Неожиданно ее глаза влажно блеснули, а лицо, на смуглой коже которого проступила землистая бледность, осветилось сердечной улыбкой.
— Здравствуй, дорогая бабушка, — произнесла ее превосходительство госпожа Касабланка и прижалась губами к щеке пожилой женщины.
Наезд телевизионной камеры. Хаотические вспышки фотоаппаратов. Улыбка премьер-министра. Шепот распорядителя:
— Все, Нина Николаевна… Уходите, спасибо, все отлично…
Серые суконные фигуры умело оттеснили Тарабрину на задний план. Рядом послышался дребезжащий смешок вездесущего Макса, который чувствовал себя как рыба в воде в любой пикантной ситуации.
— Пожалте ручку, госпожа президент! Королева! Позвольте представиться, Макс Руденко, в некотором роде актер. Божественная!.. Просто царица! Какие глазки! Позвольте засвидетельствовать…
Охране стоило больших усилий оттереть назойливого ухажера за кулисы.
Итогом их дружных усилий для Макса стали несколько свежих синяков вдобавок к десятку старых, которыми его давеча одарили недоброжелатели.

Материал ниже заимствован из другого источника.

lemma computable_list_ex:
  assumes "positionwise_computable F D n R vs" "finite R" "n * card R \<le> F" "2 \<le> F"
  shows "computable F (D + 5) n (\<lambda>w. \<exists>v\<in>set (vs w). P v)"
proof -
  have "computable F (Suc (D + 4)) n (\<lambda>w. \<not> length (filter P (vs w)) = 0)"
    using computable_not[OF computable_count_eq[OF assms, where P = P and c = 0]] assms(4) by simp
  then have "computable F (D + 5) n (\<lambda>w. \<not> length (filter P (vs w)) = 0)"
    by (rule computable_mono) simp_all
  then show ?thesis
    by (rule computable_cong) (simp add: filter_empty_conv)
qed

lemma computable_scaled_sum_list_eq:
  fixes a :: "'v \<Rightarrow> int" and \<alpha> q :: rat
  assumes "positionwise_computable F D n R vs" "finite R" "n * (\<Sum>t\<in>R. nat \<bar>a t\<bar>) \<le> F" "2 \<le> F"
  shows "computable F (D + 4) n (\<lambda>w. \<alpha> * of_int (\<Sum>v\<leftarrow>vs w. a v) = q)"
proof (cases "\<alpha> \<noteq> 0 \<and> of_int \<lfloor>q / \<alpha>\<rfloor> = q / \<alpha>")
  case True
  have "\<alpha> * of_int z = q \<longleftrightarrow> z = \<lfloor>q / \<alpha>\<rfloor>" for z :: int
  proof -
    have "\<alpha> * of_int z = q \<longleftrightarrow> of_int z = q / \<alpha>"
      using True by (auto simp: field_simps)
    also have "\<dots> \<longleftrightarrow> z = \<lfloor>q / \<alpha>\<rfloor>"
      using True by (metis floor_of_int of_int_eq_iff)
    finally show ?thesis .
  qed
  with computable_sum_list_eq[OF assms, of "\<lfloor>q / \<alpha>\<rfloor>"] show ?thesis
    by (simp add: computable_cong)
next
  case False
  \<comment> \<open>Then the equation does not depend on the input.\<close>
  have "\<alpha> * of_int z = q \<longleftrightarrow> \<alpha> = 0 \<and> q = 0" for z :: int
  proof (cases "\<alpha> = 0")
    case False
    have "\<alpha> * of_int z \<noteq> q"
    proof
      assume "\<alpha> * of_int z = q"
      then have "q / \<alpha> = of_int z"
        using False by (auto simp: field_simps)
      then show False
        using \<open>\<not> (\<alpha> \<noteq> 0 \<and> of_int \<lfloor>q / \<alpha>\<rfloor> = q / \<alpha>)\<close> False by simp
    qed
    then show ?thesis
      using False by simp
  qed auto
  then show ?thesis
    using computable_const[of "D + 4" F n "\<alpha> = 0 \<and> q = 0"] by (simp add: computable_cong)
qed

lemma poly_power_bound:
  fixes F c D n m :: nat
  defines "e \<equiv> (c + 1) ^ D + c * D"
  assumes "F \<le> c * (n + 1) ^ c" "n \<le> m"
  shows "(F + 1) ^ D \<le> e * (m + 1) ^ e"
proof -
  have "1 \<le> (n + 1) ^ c"
    by simp
  then have "F + 1 \<le> c * (n + 1) ^ c + (n + 1) ^ c"
    using assms(2) by linarith
  then have "F + 1 \<le> (c + 1) * (n + 1) ^ c"
    by (simp add: distrib_right)
  also have "\<dots> \<le> (c + 1) * (m + 1) ^ c"
    using assms(3) by (intro mult_le_mono2 power_mono) simp_all
  finally have "(F + 1) ^ D \<le> ((c + 1) * (m + 1) ^ c) ^ D"
    by (rule power_mono) simp
  also have "\<dots> = (c + 1) ^ D * (m + 1) ^ (c * D)"
    by (simp only: power_mult_distrib power_mult)
  also have "\<dots> \<le> e * (m + 1) ^ e"
    by (intro mult_le_mono power_increasing) (simp_all add: e_def)
  finally show ?thesis .
qed

text \<open>The circuit for inputs of length \<open>m\<close> is the one for words of length \<open>m div |\<Sigma>|\<close>.\<close>
lemma TC0_if_computable:
  fixes Lang :: "'a::finite list set"
  assumes computable: "\<And>n. computable (F n) D n (\<lambda>w. w \<in> Lang)"
    and poly: "\<And>n. F n \<le> c * (n + 1) ^ c"
  shows "Lang \<in> TC0"
proof -
  have "\<forall>n. \<exists>C. computes (F n) D n (\<lambda>w. w \<in> Lang) C"
    using computable by (simp add: computable_def)
  from choice[OF this] obtain C where C: "\<And>n. computes (F n) D n (\<lambda>w. w \<in> Lang) (C n)"
    by blast
  define K where "K = card (UNIV :: 'a set)"
  have K: "0 < K"
    by (simp add: K_def finite_UNIV_card_ge_0)
  define e where "e = (c + 1) ^ D + c * D"
  have "csize (C (m div K)) \<le> e * (m + 1) ^ e" for m
  proof -
    have "csize (C (m div K)) \<le> (F (m div K) + 1) ^ cdepth (C (m div K))"
      using C csize_le_fanin_pow_depth by (simp add: computes_def)
    also have "\<dots> \<le> (F (m div K) + 1) ^ D"
      using C by (intro power_increasing) (simp_all add: computes_def)
    also have "\<dots> \<le> e * (m + 1) ^ e"
      unfolding e_def using poly by (rule poly_power_bound) (simp add: div_le_dividend)
    finally show ?thesis .
  qed
  moreover have "ceval (encode_word w) (C (length w * K div K)) \<longleftrightarrow> w \<in> Lang" for w :: "'a list"
    using C[of "length w"] K by (simp add: computes_def)
  ultimately show ?thesis
    unfolding TC0_def using C
    by (intro CollectI exI[of _ "\<lambda>m. C (m div K)"] exI[of _ D] exI[of _ e])
      (simp_all add: computes_def K_def)
qed

section \<open>Circuits for a saturated attention head\<close>

lemma Max_insert_0_eq_iff:
  "finite S \<Longrightarrow> Max (insert 0 S) = (e::nat) \<longleftrightarrow> (\<forall>x\<in>S. x \<le> e) \<and> (e = 0 \<or> e \<in> S)"
  by (auto simp: Max_eq_iff)

lemma sum_list_of_int_divide:
  "(\<Sum>x\<leftarrow>xs. of_int (f x) / d) = of_int (\<Sum>x\<leftarrow>xs. f x) / (d :: 'a::field_char_0)"
  by (induction xs) (simp_all add: add_divide_distrib)

context
  fixes F D n B k :: nat and vs :: "'a::finite list \<Rightarrow> fl list list"
  assumes vs: "positionwise_computable F D n (small_vecs k B) vs"
    and n: "1 \<le> n"
    and fanin: "2 \<le> F" "k \<le> F" "n + 1 \<le> F" "n * card (small_vecs k B) * 4 ^ B \<le> F"
begin

lemma vs_small: "length w = n \<Longrightarrow> length (vs w) = n \<and> set (vs w) \<subseteq> small_vecs k B"
  using vs by (simp add: positionwise_computable_def)

lemma n_mult_card_small_vecs_le_fanin: "n * card (small_vecs k B) \<le> F"
proof -
  have "n * card (small_vecs k B) * 1 \<le> n * card (small_vecs k B) * 4 ^ B"
    by (intro mult_le_mono2) simp
  then show ?thesis
    using fanin(4) by linarith
qed

lemma card_small_vecs_le_fanin: "card (small_vecs k B) \<le> F"
proof -
  have "1 * card (small_vecs k B) \<le> n * card (small_vecs k B)"
    using n by (intro mult_le_mono1)
  then show ?thesis
    using n_mult_card_small_vecs_le_fanin by linarith
qed

lemma val_computable_attn_max: "val_computable F (D + 6) n (\<lambda>w. attn_max g (vs w))"
  unfolding val_computable_def
proof
  fix r
  have "computable F (D + 5) n (\<lambda>w. \<forall>v\<in>set (vs w). g v \<le> r)"
    using computable_list_all[OF vs finite_small_vecs n_mult_card_small_vecs_le_fanin fanin(1)]
    by (rule computable_mono) simp_all
  moreover have "computable F (D + 5) n (\<lambda>w. \<exists>v\<in>set (vs w). g v = r)"
    using computable_list_ex[OF vs finite_small_vecs n_mult_card_small_vecs_le_fanin fanin(1)] .
  ultimately have "computable F (Suc (D + 5)) n (\<lambda>w. (\<forall>v\<in>set (vs w). g v \<le> r) \<and> (\<exists>v\<in>set (vs w). g v = r))"
    using fanin(1) by (rule computable_conj)
  then have "computable F (D + 6) n (\<lambda>w. (\<forall>v\<in>set (vs w). g v \<le> r) \<and> (\<exists>v\<in>set (vs w). g v = r))"
    by (rule computable_mono) simp_all
  then show "computable F (D + 6) n (\<lambda>w. attn_max g (vs w) = r)"
  proof (rule computable_cong)
    fix w :: "'a list"
    assume "length w = n"
    then have "vs w \<noteq> []"
      using vs_small[of w] n by auto
    then show "((\<forall>v\<in>set (vs w). g v \<le> r) \<and> (\<exists>v\<in>set (vs w). g v = r)) = (attn_max g (vs w) = r)"
      by (auto simp: attn_max_def Max_eq_iff)
  qed
qed

lemma card_values_attn_max: "card (values_at n (\<lambda>w. attn_max g (vs w))) \<le> F"
proof -
  have "values_at n (\<lambda>w. attn_max g (vs w)) \<subseteq> g ` small_vecs k B"
  proof
    fix r
    assume "r \<in> values_at n (\<lambda>w. attn_max g (vs w))"
    then obtain w where w: "length w = n" "r = attn_max g (vs w)"
      by (auto simp: values_at_def)
    then have "vs w \<noteq> []"
      using vs_small[of w] n by auto
    then have "r \<in> g ` set (vs w)"
      by (simp add: w(2) attn_max_def)
    then show "r \<in> g ` small_vecs k B"
      using image_mono[of "set (vs w)" "small_vecs k B" g] vs_small[OF w(1)] by blast
  qed
  then have "card (values_at n (\<lambda>w. attn_max g (vs w))) \<le> card (g ` small_vecs k B)"
    by (intro card_mono) (simp_all add: finite_small_vecs)
  also have "\<dots> \<le> card (small_vecs k B)"
    by (rule card_image_le[OF finite_small_vecs])
  finally show ?thesis
    using card_small_vecs_le_fanin by linarith
qed

lemma val_computable_attn_count: "val_computable F (D + 4) n (\<lambda>w. attn_count g r (vs w))"
  using computable_count_eq[OF vs finite_small_vecs n_mult_card_small_vecs_le_fanin fanin(1)]
  by (simp add: val_computable_def attn_count_def)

Вскоре правительственный кортеж, воя сиренами и сверкая проблесковыми маячками, умчался по направлению к городу. С ними уехал и посол Гонсалвиш со своей супругой. Потрясенная семья Тарабриных погрузилась в вишневый лимузин, презент одного из поклонников матери, и тоже уехала.

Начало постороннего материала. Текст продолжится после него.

lemma nn_integral_dC_env_Z_moment_bound:
  assumes t: "t \<ge> T"
  shows "(\<integral>\<^sup>+ c. ennreal (dC_env t c * Z_moment_bound t c) \<partial>Q) \<le> ennreal (intdC_moment_const * (a t * b t) powr (1 - p))"
proof -
  have tp: "t > 0" using t T by simp
  define kk where "kk = intdC_const powr (p - 1)"
  define AB where "AB = (a t * b t) powr (1 - p)"
  have kk: "kk > 0" unfolding kk_def using intdC_const_pos by simp
  have AB: "AB > 0" unfolding AB_def using a_pos[of t] b_pos[of t] by simp
  have P: "psi_const / \<theta> > 0" using psi_const_pos th by simp
  define E1 where "E1 = (psi_const / \<theta>) * kk * AB * (level_const (p - 1) + tail_const_Z exp_intdC) * b t"
  define E2 where "E2 = kk * AB * tail_const_Z exp_intdC * ((psi_const / \<theta>) * 2 powr \<alpha> * 2 powr \<beta> / b t)"
  have E1: "E1 \<ge> 0" unfolding E1_def using psi_const_pos th kk AB level_const_pos[of "p - 1"] tail_const_Z_pos b_pos[of t] p2 by simp
  have E2: "E2 \<ge> 0" unfolding E2_def using psi_const_pos th kk AB tail_const_Z_pos b_pos[of t] by simp
  have "(\<integral>\<^sup>+ c. ennreal (dC_env t c * Z_moment_bound t c) \<partial>Q) = (\<integral>\<^sup>+ w. ennreal (dC_env t (C1 w) * Z_moment_bound t (C1 w)) \<partial>M)"
    by (subst nn_integral_distr[OF Cm]) (simp_all add: Z_moment_bound_def)
  also have "\<dots> \<le> (\<integral>\<^sup>+ w. ennreal E1 * ennreal (if b (C1 w) \<ge> b t then b (C1 w) powr (-2) else 0)
      + ennreal E2 * ennreal (if C1 w \<ge> t then (C1 w / t) powr exp_dC else 0) \<partial>M)"
  proof (rule nn_integral_mono)
    fix w
    have key: "ennreal (dC_env t c * Z_moment_bound t c) \<le> ennreal E1 * ennreal (if b c \<ge> b t then b c powr (-2) else 0)
      + ennreal E2 * ennreal (if c \<ge> t then (c / t) powr exp_dC else 0)" for c
    proof (cases "c \<le> t")
      case True
      have "dC_env t c * Z_moment_bound t c = (psi_const / \<theta>) * kk * AB * (level_const (p - 1) + tail_const_Z exp_intdC) * (Fb t / Fb c) * b t * b c powr (-2)"
        unfolding dC_env_def Z_moment_bound_def kk_def[symmetric] AB_def[symmetric] using True psi_env_le[OF True tp] b_pos[of c] Fb_pos[of c]
        by (simp add: h_eq powr_minus_divide power2_eq_square powr_numeral field_simps)
      also have "\<dots> \<le> (psi_const / \<theta>) * kk * AB * (level_const (p - 1) + tail_const_Z exp_intdC) * 1 * b t * b c powr (-2)"
      proof -
        have "Fb t / Fb c \<le> 1" using Fb_mono[OF True] Fb_pos[of c] by simp
        then show ?thesis using P psi_const_pos th kk AB level_const_pos[of "p - 1"] tail_const_Z_pos b_pos[of t] p2 Fb_pos[of t] Fb_pos[of c]
          by (intro mult_right_mono mult_left_mono) auto
      qed
      also have "\<dots> = E1 * b c powr (-2)" unfolding E1_def by simp
      finally have "ennreal (dC_env t c * Z_moment_bound t c) \<le> ennreal E1 * ennreal (b c powr (-2))"
        using E1 by (simp add: ennreal_mult[symmetric] ennreal_leI)
      then show ?thesis using b_mono[OF True] by (simp add: add_increasing2)
    next
      case False
      have "dC_env t c * Z_moment_bound t c = kk * AB * tail_const_Z exp_intdC * ((c / t) powr exp_intdC * (psi_const / \<theta> * (c / t) powr \<theta> * a c / a t) / b c)"
        unfolding dC_env_def Z_moment_bound_def kk_def[symmetric] AB_def[symmetric] psi_env_def using False h_pos[of c] b_pos[of c]
        by (simp add: max_def field_simps)
      also have "\<dots> \<le> kk * AB * tail_const_Z exp_intdC * (((psi_const / \<theta>) * 2 powr \<alpha> * 2 powr \<beta> / b t) * (c / t) powr exp_dC)"
        using kk AB tail_const_Z_pos
        by (intro mult_left_mono dC_env_bound_above) (use P a_pos b_pos tp False a_potter[OF t, of c] binv_potter[OF t, of c] in \<open>auto simp: exp_dC_def\<close>)
      also have "\<dots> = E2 * (c / t) powr exp_dC" unfolding E2_def by simp
      finally have "ennreal (dC_env t c * Z_moment_bound t c) \<le> ennreal E2 * ennreal ((c / t) powr exp_dC)"
        using E2 by (simp add: ennreal_mult[symmetric] ennreal_leI)
      then show ?thesis using False by (simp add: add_increasing)
    qed
    show "ennreal (dC_env t (C1 w) * Z_moment_bound t (C1 w)) \<le> ennreal E1 * ennreal (if b (C1 w) \<ge> b t then b (C1 w) powr (-2) else 0)
      + ennreal E2 * ennreal (if C1 w \<ge> t then (C1 w / t) powr exp_dC else 0)" by (rule key)
  qed
  also have "\<dots> \<le> ennreal E1 * ennreal (level_const 2 * b t powr (1 - 2)) + ennreal E2 * ennreal (tail_const_C exp_dC * b t)"
    unfolding level_const_def tail_const_C_def
    by (intro nn_integral_cmult_add_le) (measurable, measurable, use level_moment_C[of 2 t] tail_moment_C[of exp_dC t] exp_dC_bounds t in auto)
  also have "\<dots> = ennreal (intdC_moment_const * (a t * b t) powr (1 - p))"
  proof -
    have "E1 * (level_const 2 * b t powr (1 - 2)) + E2 * (tail_const_C exp_dC * b t) = intdC_moment_const * AB"
      unfolding E1_def E2_def intdC_moment_const_def kk_def using b_pos[of t] th
      by (simp add: powr_minus_divide field_simps)
    moreover have "level_const 2 * b t powr (1 - 2) \<ge> 0" using level_const_pos[of 2] by simp
    moreover have "tail_const_C exp_dC * b t \<ge> 0" using tail_const_C_pos[OF exp_dC_bounds(2)] b_pos[of t] by simp
    ultimately show ?thesis using E1 E2 unfolding AB_def
      by (simp only: ennreal_mult[symmetric] ennreal_plus[symmetric] mult_nonneg_nonneg)
  qed
  finally show ?thesis .
qed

Оркестранты нестроевым шагом двинулись к автобусу, грея замерзшие на ветру руки, красные, точно раковые клешни. Служители скатывали дорожку возле трапа.
На поле остался только один Макс. Потирая ушибленные бока, он изрыгал проклятия:
— Мерзавцы, гады! Черножопые обезьяны! Меня, русского человека, какие-то негры избили! Да я им яйца откушу и брошу на сковородку жариться! В зоопарк сдам в клетку с гориллами! Гниды, сволочи, уроды!
Обнаружив, что его оставили не только черные уроды, но и любимая покровительница, Макс окончательно расстроился. С мечтой добраться до города в тепле и неге комфортного автомобиля пришлось проститься. Макс отряхнулся, как мокрая собака, и жадно облизнулся. Глазки его угрожающе сверкнули.
— Ладно, мерзавка, так-то ты мое добро помнишь, — грозно просипел он, адресуясь к уехавшей пассажирке вишневого лимузина. — Еще пожалеешь, толстая старая климактеричка. Грымза коммунальная!
В аэропорту Макс нашел свободный таксофон и, обиженно шмыгая носом, прижал к уху трубку.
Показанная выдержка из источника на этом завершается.